Nothing in the data is to be left out; copy it exactly.

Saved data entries
◇ ◇ ◇ ◇ ◇

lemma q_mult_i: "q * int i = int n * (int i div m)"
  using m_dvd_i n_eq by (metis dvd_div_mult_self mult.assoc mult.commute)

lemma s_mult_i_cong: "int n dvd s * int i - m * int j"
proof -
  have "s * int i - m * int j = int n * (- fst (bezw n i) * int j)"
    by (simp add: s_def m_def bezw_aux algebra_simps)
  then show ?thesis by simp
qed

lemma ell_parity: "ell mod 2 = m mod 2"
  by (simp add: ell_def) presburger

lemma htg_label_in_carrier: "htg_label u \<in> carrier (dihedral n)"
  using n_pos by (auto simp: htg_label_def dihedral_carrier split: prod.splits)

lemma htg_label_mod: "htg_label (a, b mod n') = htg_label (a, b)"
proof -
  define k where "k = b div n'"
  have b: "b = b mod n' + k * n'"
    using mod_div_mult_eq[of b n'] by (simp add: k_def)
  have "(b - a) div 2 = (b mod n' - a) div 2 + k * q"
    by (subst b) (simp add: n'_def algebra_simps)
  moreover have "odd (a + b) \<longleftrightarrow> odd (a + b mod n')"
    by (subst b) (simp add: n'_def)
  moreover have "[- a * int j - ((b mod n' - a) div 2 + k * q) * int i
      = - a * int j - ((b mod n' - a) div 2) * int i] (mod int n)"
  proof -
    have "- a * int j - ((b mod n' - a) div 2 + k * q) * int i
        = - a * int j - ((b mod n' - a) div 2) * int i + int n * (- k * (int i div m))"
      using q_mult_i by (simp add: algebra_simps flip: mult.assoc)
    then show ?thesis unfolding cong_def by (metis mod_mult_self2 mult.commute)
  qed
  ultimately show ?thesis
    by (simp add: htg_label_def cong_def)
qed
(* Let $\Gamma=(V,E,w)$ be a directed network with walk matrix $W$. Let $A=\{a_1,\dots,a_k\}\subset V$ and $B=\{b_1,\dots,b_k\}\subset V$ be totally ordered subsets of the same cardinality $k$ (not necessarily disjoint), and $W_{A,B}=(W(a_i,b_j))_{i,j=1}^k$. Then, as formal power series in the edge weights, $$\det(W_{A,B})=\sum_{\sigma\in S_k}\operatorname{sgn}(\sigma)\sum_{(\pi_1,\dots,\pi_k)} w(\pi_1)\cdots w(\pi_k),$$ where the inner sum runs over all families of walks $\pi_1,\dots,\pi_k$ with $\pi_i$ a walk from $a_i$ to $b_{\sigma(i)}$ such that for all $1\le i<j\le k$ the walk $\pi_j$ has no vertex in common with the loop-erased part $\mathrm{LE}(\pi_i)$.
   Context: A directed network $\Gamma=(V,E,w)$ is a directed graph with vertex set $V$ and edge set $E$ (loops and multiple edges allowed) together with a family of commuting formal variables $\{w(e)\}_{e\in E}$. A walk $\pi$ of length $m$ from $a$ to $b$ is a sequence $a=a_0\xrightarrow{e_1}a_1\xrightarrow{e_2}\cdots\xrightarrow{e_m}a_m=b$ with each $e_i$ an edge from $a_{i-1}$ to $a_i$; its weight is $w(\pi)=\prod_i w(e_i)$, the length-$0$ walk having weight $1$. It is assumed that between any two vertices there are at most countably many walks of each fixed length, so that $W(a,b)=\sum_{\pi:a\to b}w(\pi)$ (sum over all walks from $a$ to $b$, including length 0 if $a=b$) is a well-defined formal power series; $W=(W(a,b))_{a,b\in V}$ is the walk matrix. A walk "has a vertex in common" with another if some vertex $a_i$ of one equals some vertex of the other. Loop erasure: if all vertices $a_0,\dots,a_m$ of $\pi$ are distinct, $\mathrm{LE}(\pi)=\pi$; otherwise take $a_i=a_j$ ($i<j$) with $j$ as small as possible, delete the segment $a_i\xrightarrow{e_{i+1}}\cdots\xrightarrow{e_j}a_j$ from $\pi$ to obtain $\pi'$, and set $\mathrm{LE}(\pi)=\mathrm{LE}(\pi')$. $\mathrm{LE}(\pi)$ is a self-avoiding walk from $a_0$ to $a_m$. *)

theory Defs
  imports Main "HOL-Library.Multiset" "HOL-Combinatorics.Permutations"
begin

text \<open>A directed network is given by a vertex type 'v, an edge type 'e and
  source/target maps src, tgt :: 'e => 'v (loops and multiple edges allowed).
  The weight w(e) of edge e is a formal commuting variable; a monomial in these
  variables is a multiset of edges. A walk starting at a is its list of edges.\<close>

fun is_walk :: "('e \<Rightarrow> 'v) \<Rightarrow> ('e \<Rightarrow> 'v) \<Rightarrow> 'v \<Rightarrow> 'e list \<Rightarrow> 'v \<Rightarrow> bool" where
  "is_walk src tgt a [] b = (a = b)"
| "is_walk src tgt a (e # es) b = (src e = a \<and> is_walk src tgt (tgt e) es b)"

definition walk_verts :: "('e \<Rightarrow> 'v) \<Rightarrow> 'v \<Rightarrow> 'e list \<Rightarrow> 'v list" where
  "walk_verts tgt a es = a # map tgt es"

◇ ◇ ◇ ◇ ◇

> _Response_
lemma q_mult_i: "q * int i = int n * (int i div m)"
  using m_dvd_i n_eq by (metis dvd_div_mult_self mult.assoc mult.commute)

lemma s_mult_i_cong: "int n dvd s * int i - m * int j"
proof -
  have "s * int i - m * int j = int n * (- fst (bezw n i) * int j)"
    by (simp add: s_def m_def bezw_aux algebra_simps)
  then show ?thesis by simp
qed

lemma ell_parity: "ell mod 2 = m mod 2"
  by (simp add: ell_def) presburger

lemma htg_label_in_carrier: "htg_label u \<in> carrier (dihedral n)"
  using n_pos by (auto simp: htg_label_def dihedral_carrier split: prod.splits)

lemma htg_label_mod: "htg_label (a, b mod n') = htg_label (a, b)"
proof -
  define k where "k = b div n'"
  have b: "b = b mod n' + k * n'"
    using mod_div_mult_eq[of b n'] by (simp add: k_def)
  have "(b - a) div 2 = (b mod n' - a) div 2 + k * q"
    by (subst b) (simp add: n'_def algebra_simps)
  moreover have "odd (a + b) \<longleftrightarrow> odd (a + b mod n')"
    by (subst b) (simp add: n'_def)
  moreover have "[- a * int j - ((b mod n' - a) div 2 + k * q) * int i
      = - a * int j - ((b mod n' - a) div 2) * int i] (mod int n)"
  proof -
    have "- a * int j - ((b mod n' - a) div 2 + k * q) * int i
        = - a * int j - ((b mod n' - a) div 2) * int i + int n * (- k * (int i div m))"
      using q_mult_i by (simp add: algebra_simps flip: mult.assoc)
    then show ?thesis unfolding cong_def by (metis mod_mult_self2 mult.commute)
  qed
  ultimately show ?thesis
    by (simp add: htg_label_def cong_def)
qed
(* Let $\Gamma=(V,E,w)$ be a directed network with walk matrix $W$. Let $A=\{a_1,\dots,a_k\}\subset V$ and $B=\{b_1,\dots,b_k\}\subset V$ be totally ordered subsets of the same cardinality $k$ (not necessarily disjoint), and $W_{A,B}=(W(a_i,b_j))_{i,j=1}^k$. Then, as formal power series in the edge weights, $$\det(W_{A,B})=\sum_{\sigma\in S_k}\operatorname{sgn}(\sigma)\sum_{(\pi_1,\dots,\pi_k)} w(\pi_1)\cdots w(\pi_k),$$ where the inner sum runs over all families of walks $\pi_1,\dots,\pi_k$ with $\pi_i$ a walk from $a_i$ to $b_{\sigma(i)}$ such that for all $1\le i<j\le k$ the walk $\pi_j$ has no vertex in common with the loop-erased part $\mathrm{LE}(\pi_i)$.
   Context: A directed network $\Gamma=(V,E,w)$ is a directed graph with vertex set $V$ and edge set $E$ (loops and multiple edges allowed) together with a family of commuting formal variables $\{w(e)\}_{e\in E}$. A walk $\pi$ of length $m$ from $a$ to $b$ is a sequence $a=a_0\xrightarrow{e_1}a_1\xrightarrow{e_2}\cdots\xrightarrow{e_m}a_m=b$ with each $e_i$ an edge from $a_{i-1}$ to $a_i$; its weight is $w(\pi)=\prod_i w(e_i)$, the length-$0$ walk having weight $1$. It is assumed that between any two vertices there are at most countably many walks of each fixed length, so that $W(a,b)=\sum_{\pi:a\to b}w(\pi)$ (sum over all walks from $a$ to $b$, including length 0 if $a=b$) is a well-defined formal power series; $W=(W(a,b))_{a,b\in V}$ is the walk matrix. A walk "has a vertex in common" with another if some vertex $a_i$ of one equals some vertex of the other. Loop erasure: if all vertices $a_0,\dots,a_m$ of $\pi$ are distinct, $\mathrm{LE}(\pi)=\pi$; otherwise take $a_i=a_j$ ($i<j$) with $j$ as small as possible, delete the segment $a_i\xrightarrow{e_{i+1}}\cdots\xrightarrow{e_j}a_j$ from $\pi$ to obtain $\pi'$, and set $\mathrm{LE}(\pi)=\mathrm{LE}(\pi')$. $\mathrm{LE}(\pi)$ is a self-avoiding walk from $a_0$ to $a_m$. *)

theory Defs
  imports Main "HOL-Library.Multiset" "HOL-Combinatorics.Permutations"
begin

text \<open>A directed network is given by a vertex type 'v, an edge type 'e and
  source/target maps src, tgt :: 'e => 'v (loops and multiple edges allowed).
  The weight w(e) of edge e is a formal commuting variable; a monomial in these
  variables is a multiset of edges. A walk starting at a is its list of edges.\<close>

fun is_walk :: "('e \<Rightarrow> 'v) \<Rightarrow> ('e \<Rightarrow> 'v) \<Rightarrow> 'v \<Rightarrow> 'e list \<Rightarrow> 'v \<Rightarrow> bool" where
  "is_walk src tgt a [] b = (a = b)"
| "is_walk src tgt a (e # es) b = (src e = a \<and> is_walk src tgt (tgt e) es b)"

definition walk_verts :: "('e \<Rightarrow> 'v) \<Rightarrow> 'v \<Rightarrow> 'e list \<Rightarrow> 'v list" where
  "walk_verts tgt a es = a # map tgt es"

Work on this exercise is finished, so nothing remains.